◆27年前の今日、東京株式市場は未曽有の大暴落に見舞われた。1987年10月に起きたブラックマンデーである。日経平均の下げ幅は3,800円を超え、率にして約15%の大幅安となった。これは一日の下げ幅、下落率として最大であり、リーマンショックや東日本大震災後の急落を経験した今も塗り替えられていない歴代1位の記録である。

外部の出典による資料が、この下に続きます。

(* Let $M=p_1^{n_1}\cdots p_K^{n_K}$ with distinct primes and $n_\nu\in\mathbb{N}$, and let $A\oplus B=\mathbb{Z}_M$. Fix distinct $i,j\in\{1,\dots,K\}$, let $z\in\mathbb{Z}_M$, and let $\Lambda=\Lambda(z,M/(p_ip_j))$. Let $a\in A$, $b\in B$ satisfy $a+b=z$. Then there exists $\nu\in\{i,j\}$ such that $\Sigma_A(\Lambda)\subset A\cap\Pi(a,p_\nu^{n_\nu-1})$ and $\Sigma_B(\Lambda)\subset B\cap\Pi(b,p_\nu^{n_\nu-1})$.
   Context: $A\oplus B=\mathbb{Z}_M$ means every element of $\mathbb{Z}_M$ is uniquely $a+b$ with $a\in A$, $b\in B$. For $d\mid M$, $\Lambda(x,d)=\{x'\in\mathbb{Z}_M: d\mid x-x'\}$, and $\Pi(x,p^\alpha)=\Lambda(x,p^\alpha)$. For $Z\subset\mathbb{Z}_M$, $\Sigma_A(Z)=\{a\in A:a+b\in Z\text{ for some }b\in B\}$, $\Sigma_B(Z)=\{b\in B:a+b\in Z\text{ for some }a\in A\}$. *)

theory Defs
  imports "HOL-Number_Theory.Number_Theory"
begin

text \<open>Z_M is modelled as the residues {0..<M} with addition modulo M.\<close>

definition ZM :: "nat \<Rightarrow> nat set" where
  "ZM M = {0..<M}"

definition tiling :: "nat \<Rightarrow> nat set \<Rightarrow> nat set \<Rightarrow> bool" where
  "tiling M A B \<longleftrightarrow> A \<subseteq> ZM M \<and> B \<subseteq> ZM M \<and>
     (\<forall>x\<in>ZM M. \<exists>!ab. fst ab \<in> A \<and> snd ab \<in> B \<and> (fst ab + snd ab) mod M = x)"

text \<open>\<Lambda>(x,d) = {x' \<in> Z_M : d | x - x'}; \<Pi>(x,p^\<alpha>) = \<Lambda>(x,p^\<alpha>).\<close>
definition Lam :: "nat \<Rightarrow> nat \<Rightarrow> nat \<Rightarrow> nat set" where
  "Lam M x d = {x' \<in> ZM M. [x = x'] (mod d)}"

definition SigmaA :: "nat \<Rightarrow> nat set \<Rightarrow> nat set \<Rightarrow> nat set \<Rightarrow> nat set" where
  "SigmaA M A B Z = {a \<in> A. \<exists>b\<in>B. (a + b) mod M \<in> Z}"

definition SigmaB :: "nat \<Rightarrow> nat set \<Rightarrow> nat set \<Rightarrow> nat set \<Rightarrow> nat set" where
  "SigmaB M A B Z = {b \<in> B. \<exists>a\<in>A. (a + b) mod M \<in> Z}"

end

theory Submission
  imports Defs
begin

◆終日、値がつかない株価ボードをただ茫然と眺めていたのを思い出す。僕が証券会社の新入社員として、研修を終え支店に配属されて間もないときだった。証券マンとしてスタートから出鼻を挫かれた気がした。ああ、自分はなんてツイてないのだろう、こんな暴落にあったら怖くて誰も株なんか取引してもらえないよ、とわが身の不幸を嘆いたりもしたものだ。

◆それを「考え足らず」というのだろう。よく考えれば自分にとってチャンス以外のなにものでもなかった。新人の自分はこれから顧客開拓をするところ。既存客がいないのだから、自分のお客が傷ついているわけではない。そして相場が一回、大きな調整を入れたところからスタートできるのだ。新規に株の営業を始めるには絶好の環境だったのだ。

◆それでもブラックマンデーの記憶が脳裏をよぎると、いまだに一抹の気味悪さを感じてしまう。僕より上の世代の市場関係者はみな同じ気持ちだろう。そして今日、今年の10月20日は月曜日、まさにブラックマンデーの再来? ちょっと待った。ブラックマンデーは米国の株式市場が震源地。米国の10月19日月曜日、ニューヨーク株式市場の暴落をブラックマンデーという。東京市場、明けて翌20日は火曜日だ。株の上げ下げに日付や曜日は関係がない。ちなみに、ブラックマンデーの翌年1988年以降の26年間、10月20日の日経平均の騰落を調べると20勝6敗(当日休場の年は直前営業日)。実に8割近い確率で上昇している。さて、27年目の今日は?